O PERCURSO DE ELIZABETH DORAZIO COMO ARTISTA: RECORTES E ETAPAS DE UM CAMINHO por Marie Christiane Seiferth

As obras e composições que integram a mostra atual são a expressão artística de um caminho longo e intenso, meticuloso e interessado, percorrido em diversas vias rumo a uma aproximação dos complexos temáticos “vida“, “organismo“ e “cosmo“. Já pouco depois da conclusão do curso superior na renomada “Fundação Escola Guignard”, em Belo Horizonte, e após uma temporada de estudos no “Istituto per L ́arte e il Restauro“, em Florença, Elizabeth Dorazio expõe, na série “Homo olympicus“, pinturas em acrílico sobre tela que têm por objeto o torso humano de atletas, principalmente nadadores em trajes de natação, e que podem ser reagrupadas, como díptico, arbitrária e infinitamente. Durante esta fase, o princípio da desconstrução e reconstrução com vista a um reordenamento já é, como meio de expressão, parte integrante dos trabalhos. Trata-se de uma fase precedida por um profundo estudo da anatomia e do sistema muscular do corpo humano. Durante este período, Elizabeth Dorazio também começa a pintar sobre materiais sintéticos. Com rápidas e grossas pinceladas o tronco de nadadores é plasmado sobre cortinas de chuveiro, estabelecendo uma ligação direta entre o motivo e o local do retrato.

Com a instalação espacial “Mantra“, no Morumbi, um bairro de São Paulo, Elizabeth Dorazio volta-se, já em 1998, para o motivo todo-abrangente do cosmo e dos nexos internos existentes entre todos os seres do universo. O quadro pintado com tinta a óleo, que mede 3,20 X 5,40 m, foi instalado no lugar do altar de uma antiga capela remanescente da época da fundação da cidade. A energia atribuída ao local e a energia representativa e expressiva que emana da obra torna como que palpável a força das massas de água que caem e das espumas revoltas. Apesar da obra retratar uma situação instantânea, a impressão predominante é a de uma queda d’água permanente, acompanhada pelo respectivo pano de fundo acústico. Assim, a pintura a óleo cria, devido à sua potência expressiva, um fundo de sons interno e devolve, deste modo, ao mantra, tom sempre idêntico que perdura e preenche o espaço e o local da exposição, a sua destinação original.

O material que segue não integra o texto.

lemma card_minor_cut_defects_le:
  assumes mm: "minor_map VH EH VG EG \<mu>"
    and part: "A \<union> B = VG" "A \<inter> B = {}" and fin: "finite VG"
  shows "card (minor_cut_defects VH EH \<mu> A B) \<le> cut_edges EG A B"
proof (rule card_le_cut_edges_if_joined)
  show "\<forall>u\<in>VH. \<forall>v\<in>VH. u \<noteq> v \<longrightarrow> \<mu> u \<inter> \<mu> v = {}"
    using minor_map_disjoint[OF mm] by blast
  show "finite A" "finite B" using fin part by (metis finite_Un)+
  show "\<forall>(u, v)\<in>minor_cut_defects VH EH \<mu> A B. \<exists>a\<in>\<mu> u \<inter> A. \<exists>b\<in>\<mu> v \<inter> B. EG a b"
  proof (clarify)
    fix u v assume "(u, v) \<in> minor_cut_defects VH EH \<mu> A B"
    then consider "u = v" "v \<in> VH" "\<mu> v \<inter> A \<noteq> {}" "\<mu> v \<inter> B \<noteq> {}"
      | "u \<in> VH" "v \<in> VH" "EH u v" "\<mu> u \<subseteq> A" "\<mu> v \<subseteq> B"
      unfolding minor_cut_defects_def by blast
    then show "\<exists>a\<in>\<mu> u \<inter> A. \<exists>b\<in>\<mu> v \<inter> B. EG a b"
    proof cases
      case 1
      then obtain x y where "x \<in> \<mu> v \<inter> A" "y \<in> \<mu> v - A" using part by blast
      from induces_connected_edge_leaving[OF minor_map_connected[OF mm \<open>v \<in> VH\<close>] this]
      show ?thesis using 1 minor_map_subset[OF mm \<open>v \<in> VH\<close>] part by blast
    next
      case 2
      then show ?thesis using mm unfolding minor_map_def by blast
    qed
  qed
qed (rule minor_cut_defects_subset)

lemma minor_cut_defects_pure:
  assumes mm: "minor_map VH EH VG EG \<mu>" and part: "A \<union> B = VG" "A \<inter> B = {}"
    and v: "v \<in> VH" "(v, v) \<notin> minor_cut_defects VH EH \<mu> A B"
  shows "\<mu> v \<subseteq> B \<longleftrightarrow> \<not> \<mu> v \<subseteq> A"
proof -
  have "\<not> (\<mu> v \<inter> A \<noteq> {} \<and> \<mu> v \<inter> B \<noteq> {})"
    using v unfolding minor_cut_defects_def by blast
  moreover have "\<mu> v \<noteq> {}" "\<mu> v \<subseteq> A \<union> B"
    using minor_map_nonempty[OF mm v(1)] minor_map_subset[OF mm v(1)] part by auto
  ultimately show ?thesis using part(2) by blast
qed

Desta maneira, o ser humano é integrado no eterno fluir do tempo e do espaço, é amparado pelo infinito e consegue conceber-se como parte integrante de um todo cósmico.

Os trabalhos realizados durante os anos 2005 a 2008 debruçam-se sobre os temas “vida“, “transitoriedade“ e “organismo“. Nas obras da série “Per mortem ad vitam“ Elizabeth Dorazio utiliza quadros a óleo da série anterior, “Mundi Maritimi“, cortando-os em fragmentos e combinando-os, por meio da técnica da colagem, com outras estruturas anatômico-orgânicas recortadas que podem lembrar, por exemplo, o sistema das veias. Monta, assim, um novo quadro numa tela que funciona como um fundo difuso e aguado, pintado com tinta acrílica.

Nas suas composições a partir de 2006, Elizabeth Dorazio elege progressivamente a temática geognóstica utilizando, sobretudo, materiais transparentes que conduzem o olhar para o que normalmente é invisível para o ser humano. Dessas composições também faz parte o trabalho “Geognosis ontologica“, concebido em forma de infinito e composto por várias camadas sobrepostas de películas transparentes fixadas sobre um fundo de papel japonês, pintado com cores difusas de aquarela que deixam nele sinais em forma de mancha. (no mesmo). Cada uma das camadas de papel transparente ostenta finas linhas que retratam, como motivo, estruturas anatômico-orgânicas. Cada camada do papel transparente apresenta igualmente aberturas recortadas que permitem uma visão limitada das camadas subjacentes, de maneira que, apesar da sobreposição de camadas, tornam-se visíveis os papéis sobrepostos com seus desenhos de estruturas anatômicas, inclusive devido ao caráter translúcido do material.

Desde o começo do seu percurso como artista, Elizabeth Dorazio segue este fluxo de ideias em torno dos complexos temáticos descritos, atribuindo-lhes, com a criatividade e a linguagem artística que lhe são próprias e graças à sua busca permanente de novos materiais e texturas, níveis de expressão sempre diferentes.